## Problem
Treat the line containing "W = (\<Sum>a<m." as the last one, and return every line exactly from the first line of the material below up to it.

## Provided data

lemma mat_l1_eq_sum_seq_cost:
  assumes W: "W \<in> carrier_mat m (n * N)"
  shows "mat_l1 W = (\<Sum>k<n. seq_cost m N (slice_input n W k))"
proof -
  have "mat_l1 W = (\<Sum>a<m. \<Sum>k<n. \<Sum>t<N. \<bar>W $$ (a, n * t + k)\<bar>)"
    using W by (simp add: mat_l1_def sum_less_mult_blocks)
  also have "\<dots> = (\<Sum>k<n. \<Sum>t<N. \<Sum>a<m. \<bar>W $$ (a, n * t + k)\<bar>)"
    by (simp add: sum.swap[of _ "{..<m}"])
  also have "\<dots> = (\<Sum>k<n. seq_cost m N (slice_input n W k))"
    using W mult_block_less_iff by (simp add: seq_cost_def slice_input_def)
  finally show ?thesis .
qed

definition replace_slice :: "nat \<Rightarrow> nat \<Rightarrow> real mat \<Rightarrow> (nat \<Rightarrow> real vec) \<Rightarrow> real mat" where
  "replace_slice n i W w = mat (dim_row W) (dim_col W)
     (\<lambda>(a, j). if j mod n = i then w (j div n) $ a else W $$ (a, j))"

lemma replace_slice_carrier: "W \<in> carrier_mat r c \<Longrightarrow> replace_slice n i W w \<in> carrier_mat r c"
  by (simp add: replace_slice_def)

lemma col_replace_slice:
  assumes W: "W \<in> carrier_mat r (n * N)" and w: "\<And>t. w t \<in> carrier_vec r"
    and k: "k < n" and t: "t < N"
  shows "col (replace_slice n i W w) (n * t + k) = (if k = i then w t else col W (n * t + k))"
  using W w[THEN carrier_vecD] k t mult_block_less_iff[OF k]
  by (intro eq_vecI) (auto simp: replace_slice_def)

lemma slice_state_replace_slice:
  assumes "W \<in> carrier_mat r (n * N)" "\<And>t. w t \<in> carrier_vec r" "k < n"
  shows "slice_state n N (replace_slice n i W w) k t =
    (if k = i \<and> t < N then w t else slice_state n N W k t)"
proof (cases "t < N")
  case True
  thus ?thesis using col_replace_slice[OF assms True] by (simp add: slice_state_def)
next
  case False
  thus ?thesis using assms by (simp add: slice_state_def replace_slice_def)
qed

lemma slice_input_replace_slice:
  assumes "W \<in> carrier_mat r (n * N)" "\<And>t. w t \<in> carrier_vec r" "k < n" "t < N"
  shows "slice_input n (replace_slice n i W w) k t = (if k = i then w t else slice_input n W k t)"
  using col_replace_slice[OF assms] by (simp add: slice_input_def)
(* Let $d\ge3$ be odd and define, for $x\in[-1+\tfrac2d,1]$, $m(x)=\big[\tfrac12(1-\tfrac1d)(1-\tfrac2d+x)\big]^{1/2}+\tfrac1d$. Consider the convex set $$C=\mathrm{conv}\Big\{\Big(\tfrac1d\operatorname{tr}[U\overline U],\ \tfrac1d|\operatorname{tr}U|^2\Big): U\in U(d)\Big\}\subset\mathbb{R}^2.$$ Then the extreme points of $C$ are exactly $(-1+2/d,0)$, $(1,0)$ and the points $\big(x,\,d\,m(x)^2\big)$ for $x\in[-1+2/d,1]$.
   Context: $\overline U$ is the entrywise complex conjugate. With $\mathbb{F}$ the flip on $\mathbb{C}^d\otimes\mathbb{C}^d$, $\hat{\mathbb{F}}=d|\Omega\rangle\langle\Omega|$, $|\Omega\rangle=d^{-1/2}\sum_j|jj\rangle$, the pair $(\frac1d\operatorname{tr}[U\overline U],\frac1d|\operatorname{tr}U|^2)$ equals the expectation values $(\operatorname{tr}[\rho\mathbb{F}],\operatorname{tr}[\rho\hat{\mathbb{F}}])$ in the state $\rho=(\mathbb{1}\otimes U)|\Omega\rangle\langle\Omega|(\mathbb{1}\otimes U^\dagger)$, so $C$ is the coordinate image of the $O(d)$-covariant mixtures of unitary channels. *)

theory Defs
  imports "HOL-Analysis.Analysis"
begin

text \<open>Complex d x d matrices indexed by a finite type 'n, with d = CARD('n).\<close>

definition mtrace :: "complex^'n^'n \<Rightarrow> complex" where
  "mtrace A = (\<Sum>i\<in>UNIV. A $ i $ i)"

definition mconj :: "complex^'n^'n \<Rightarrow> complex^'n^'n" where
  "mconj A = (\<chi> i j. cnj (A $ i $ j))"

definition madj :: "complex^'n^'n \<Rightarrow> complex^'n^'n" where
  "madj A = (\<chi> i j. cnj (A $ j $ i))"

definition unitary :: "complex^'n^'n \<Rightarrow> bool" where
  "unitary U \<longleftrightarrow> U ** madj U = mat 1 \<and> madj U ** U = mat 1"

text \<open>The point (tr[U conj U]/d, |tr U|^2/d); tr[U conj U] is real, we take its real part.\<close>
definition upoint :: "complex^'n^'n \<Rightarrow> real \<times> real" where
  "upoint U = (Re (mtrace (U ** mconj U)) / real CARD('n),
               (cmod (mtrace U))\<^sup>2 / real CARD('n))"

definition mfun :: "real \<Rightarrow> real \<Rightarrow> real" where
  "mfun d x = sqrt ((1/2) * (1 - 1/d) * (1 - 2/d + x)) + 1/d"

end

theory Submission
  imports Defs
begin

text \<open>For a unitary \<open>U\<close> put \<open>t = tr (U conj U)\<close>. In odd dimension the antisymmetric part
  \<open>U - U\<^sup>T\<close> is singular, so the symmetric part \<open>S = (U + U\<^sup>T)/2\<close> agrees with \<open>U\<close> on some unit
  vector. In an orthonormal basis starting with that vector \<open>S\<close> has a unit column, and
  Cauchy--Schwarz on the remaining diagonal gives \<open>|tr U| = |tr S| \<le> 1 + \<surd>((d - 1)(\<parallel>S\<parallel>\<^sup>2 - 1))\<close>
  with \<open>\<parallel>S\<parallel>\<^sup>2 = (d + t)/2\<close>. So every point lies in the region above \<open>[-1 + 2/d, 1] \<times> {0}\<close>
  and below the graph of \<open>d m(x)\<^sup>2\<close>, which is strictly concave. Block-diagonal unitaries
  \<open>1 \<oplus> R \<oplus> \<dots> \<oplus> R\<close> built from rotations attain the whole graph and two further ones attain the
  corners, so \<open>C\<close> is exactly that region; its extreme points are the two corners and the graph.\<close>

section \<open>Unitary matrices, traces and the Frobenius norm\<close>

definition cinner :: "complex^'n \<Rightarrow> complex^'n \<Rightarrow> complex" where
  "cinner x y = (\<Sum>i\<in>UNIV. cnj (x$i) * y$i)"
lemma integrable_virt_ext_component:
  assumes i: "i < n" and [measurable]: "g \<in> borel_measurable Prof" and g01: "\<And>v. \<bar>g v\<bar> \<le> 1"
  shows "integrable Prof (\<lambda>v. g v * virt_ext (v i))"
proof (rule integrable_prof_dist_bounded)
  show "(\<lambda>v. g v * virt_ext (v i)) \<in> borel_measurable Prof"
    using measurable_component_prof_dist[OF i] by measurable
  show "\<bar>g v * virt_ext (v i)\<bar> \<le> \<bar>virt f 0\<bar> + \<bar>virt f vb\<bar>" for v
    using g01[of v] abs_virt_ext_le mult_mono[of "\<bar>g v\<bar>" 1 "\<bar>virt_ext (v i)\<bar>"] by (simp add: abs_mult)
qed

lemma integral_eff_alloc_virt_ext:
  assumes i: "i < n"
  shows "(\<integral>v. eff_alloc n k v i * virt_ext (v i) \<partial>Prof)
       = integral {0..vb} (\<lambda>t. f t * (x_eff n k vb f i t * virt f t))"
proof -
  note x_meas = borel_measurable_x_eff[OF i, of k] and x01 = x_eff_bounds[OF i, of k]
  have "integrable Prof (\<lambda>v. eff_alloc n k v i * virt_ext (v i))"
    using borel_measurable_eff_alloc_prof_dist[OF i]
    by (rule integrable_virt_ext_component[OF i]) (simp add: eff_alloc_def)
  then have "(\<integral>v. eff_alloc n k v i * virt_ext (v i) \<partial>Prof) = (\<integral>t. x_eff n k vb f i t * virt_ext t \<partial>Val)"
    by (simp add: integral_prof_dist_eq_interim[OF i] interim_def x_eff_def)
  also have "\<dots> = integral {0..vb} (\<lambda>t. f t * (x_eff n k vb f i t * virt_ext t))"
  proof (rule bounded_integral_val_dist(2)[where B="\<bar>virt f 0\<bar> + \<bar>virt f vb\<bar>"])
    show "\<forall>t\<in>{0..vb}. \<bar>x_eff n k vb f i t * virt_ext t\<bar> \<le> \<bar>virt f 0\<bar> + \<bar>virt f vb\<bar>"
      using x01 abs_virt_ext_le mult_mono[of "\<bar>x_eff n k vb f i _\<bar>" 1 "\<bar>virt_ext _\<bar>"]
      by (simp add: abs_mult)
  qed (use x_meas in measurable)
  also have "\<dots> = integral {0..vb} (\<lambda>t. f t * (x_eff n k vb f i t * virt f t))"
    by (rule integral_cong) (simp add: virt_ext_def clip_eq)
  finally show ?thesis .
qed

text \<open>The envelope payment of the constant allocation \<open>1\<close> vanishes.\<close>

lemma integral_virt_ext_component:
  assumes i: "i < n"
  shows "(\<integral>v. virt_ext (v i) \<partial>Prof) = 0"
proof -
  interpret prob_space Prof
    by (rule prob_space_prof_dist)
  have "integrable Prof (\<lambda>v. 1 * virt_ext (v i))"
    by (rule integrable_virt_ext_component[OF i]) auto
  then have "(\<integral>v. virt_ext (v i) \<partial>Prof) = (\<integral>t. virt_ext t \<partial>Val)"
    by (simp add: integral_prof_dist_eq_interim[OF i] interim_def prob_space)
  also have "\<dots> = integral {0..vb} (\<lambda>t. f t * virt_ext t)"
    using abs_virt_ext_le by (intro bounded_integral_val_dist(2)) auto
  also have "\<dots> = integral {0..vb} (\<lambda>t. f t * ((\<lambda>_. 1) t * virt f t))"
    by (rule integral_cong) (simp add: virt_ext_def clip_eq)
  also have "\<dots> = integral {0..vb} (\<lambda>t. f t * (t * (\<lambda>_. 1) t - integral {0..t} (\<lambda>_. 1)))"
    by (rule integral_envelope_payment_eq_virtual_surplus[symmetric]) auto
  also have "\<dots> = integral {0..vb} (\<lambda>_. 0)"
    by (rule integral_cong) simp
  finally show ?thesis
    by simp
qed

lemma sum_virt_ext_losers_less:
  assumes kn: "k < n" and pos: "\<forall>j<n. v j \<in> {0<..vb}"
  shows "(\<Sum>i<n. (eff_alloc n k v i - 1) * virt_ext (v i)) < - (real n - real k) * virt f 0"
proof -
  define L where "L = {i\<in>{..<n}. eff_alloc n k v i = 0}"
  have "(\<Sum>i<n. (eff_alloc n k v i - 1) * virt_ext (v i))
      = (\<Sum>i<n. if eff_alloc n k v i = 0 then - virt_ext (v i) else 0)"
    using eff_alloc_0_or_1 by (intro sum.cong) auto
  also have "\<dots> = (\<Sum>i\<in>L. - virt_ext (v i))"
    unfolding L_def by (rule sum.inter_filter[symmetric]) simp
  finally have losers: "(\<Sum>i<n. (eff_alloc n k v i - 1) * virt_ext (v i)) = - (\<Sum>i\<in>L. virt_ext (v i))"
    by (simp add: sum_negf)
  have card_L: "card L = n - k"
    unfolding L_def using kn by (intro card_eff_alloc_losers) simp
  have "virt f 0 < virt_ext (v i)" if "i \<in> L" for i
  proof -
    have "v i \<in> {0<..vb}"
      using that pos unfolding L_def by auto
    then show ?thesis
      using regular vb_pos by (auto simp: virt_ext_def clip_eq strict_mono_on_def)
  qed
  moreover have "L \<noteq> {}"
    using card_L kn by auto
  ultimately have "(\<Sum>i\<in>L. virt f 0) < (\<Sum>i\<in>L. virt_ext (v i))"
    by (intro sum_strict_mono) (auto simp: L_def)
  moreover have "(\<Sum>i\<in>L. virt f 0) = (real n - real k) * virt f 0"
    using card_L kn by (simp add: of_nat_diff)
  ultimately show ?thesis
    unfolding losers minus_mult_left by linarith
qed

lemma expected_revenue_eq_losers_virtual_values:
  assumes P: "implements_eff_IR n k vb f P"
  shows "(\<integral>v. (\<Sum>i<n. P v i) \<partial>Prof) = (\<integral>v. (\<Sum>i<n. (eff_alloc n k v i - 1) * virt_ext (v i)) \<partial>Prof)"
proof -
  have int_alloc: "integrable Prof (\<lambda>v. eff_alloc n k v i * virt_ext (v i))" if "i < n" for i
    using borel_measurable_eff_alloc_prof_dist[OF that]
    by (rule integrable_virt_ext_component[OF that]) (simp add: eff_alloc_def)
  have int_virt: "integrable Prof (\<lambda>v. virt_ext (v i))" if "i < n" for i
    using integrable_virt_ext_component[OF that, of "\<lambda>_. 1"] by simp
  have "(\<integral>v. (\<Sum>i<n. P v i) \<partial>Prof) = (\<Sum>i<n. \<integral>v. P v i \<partial>Prof)"
    using Bochner_Integration.integral_sum[of "{..<n}" Prof "\<lambda>i v. P v i"] P
    by (simp add: implements_eff_IR_def)
  also have "\<dots> = (\<Sum>i<n. (\<integral>v. eff_alloc n k v i * virt_ext (v i) \<partial>Prof) - (\<integral>v. virt_ext (v i) \<partial>Prof))"
    using P by (intro sum.cong)
      (simp_all add: expected_payment_eq_virtual_surplus integral_eff_alloc_virt_ext integral_virt_ext_component)
  also have "\<dots> = (\<Sum>i<n. \<integral>v. (eff_alloc n k v i - 1) * virt_ext (v i) \<partial>Prof)"
    using int_alloc int_virt by (intro sum.cong) (simp_all add: left_diff_distrib)
  also have "\<dots> = (\<integral>v. (\<Sum>i<n. (eff_alloc n k v i - 1) * virt_ext (v i)) \<partial>Prof)"
    using int_alloc int_virt by (intro Bochner_Integration.integral_sum[symmetric]) (simp add: left_diff_distrib)
  finally show ?thesis .
qed

lemma expected_revenue_less:
  assumes kn: "k < n" and P: "implements_eff_IR n k vb f P"
  shows "(\<integral>v. (\<Sum>i<n. P v i) \<partial>Prof) < - (real n - real k) * virt f 0"
proof -
  interpret prob_space Prof
    by (rule prob_space_prof_dist)
  let ?Y = "\<lambda>v. \<Sum>i<n. (eff_alloc n k v i - 1) * virt_ext (v i)"
  have "integrable Prof (\<lambda>v. (eff_alloc n k v i - 1) * virt_ext (v i))" if i: "i < n" for i
  proof (rule integrable_virt_ext_component[OF i])
    show "(\<lambda>v. eff_alloc n k v i - 1) \<in> borel_measurable Prof"
      using borel_measurable_eff_alloc_prof_dist[OF i] by (rule borel_measurable_diff) simp
  qed (simp add: eff_alloc_def)
  then have "integrable Prof ?Y"
    by (intro Bochner_Integration.integrable_sum) simp
  moreover have "AE v in Prof. \<forall>j\<in>{..<n}. v j \<in> {0<..vb}"
    using AE_prof_dist_component[OF _ AE_val_dist_pos] by (intro AE_finite_allI) auto
  then have "AE v in Prof. ?Y v < - (real n - real k) * virt f 0"
    by eventually_elim (rule sum_virt_ext_losers_less[OF kn], simp)
  ultimately have "integral\<^sup>L Prof ?Y < integral\<^sup>L Prof (\<lambda>_. - (real n - real k) * virt f 0)"
    by (intro integral_less_AE_space) (auto simp: emeasure_space_1)
  then show ?thesis
    using expected_revenue_eq_losers_virtual_values[OF P] by (simp add: prob_space)
qed

end

theorem mainTheorem11:
  fixes n k :: nat and vb :: real and f :: "real \<Rightarrow> real"
    and P :: "(nat \<Rightarrow> real) \<Rightarrow> nat \<Rightarrow> real"
  assumes "2 \<le> k" and "k < n" and "0 < vb"
    and "f \<in> borel_measurable borel"
    and "\<forall>x\<in>{0..vb}. f x > 0"
    and "(f has_integral 1) {0..vb}"
    and "strict_mono_on {0..vb} (virt f)"
    and "implements_eff_IR n k vb f P"
  shows "(\<integral>v. (\<Sum>i<n. P v i) \<partial>prof_dist n vb f) < - (real n - real k) * virt f 0"
proof -
  interpret regular_iid_values vb f n
    using assms(3-7) by unfold_locales
  show ?thesis
    using expected_revenue_less[OF assms(2,8)] .
qed

end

## The completed task
lemma mat_l1_eq_sum_seq_cost:
  assumes W: "W \<in> carrier_mat m (n * N)"
  shows "mat_l1 W = (\<Sum>k<n. seq_cost m N (slice_input n W k))"
proof -
  have "mat_l1 W = (\<Sum>a<m. \<Sum>k<n. \<Sum>t<N. \<bar>W $$ (a, n * t + k)\<bar>)"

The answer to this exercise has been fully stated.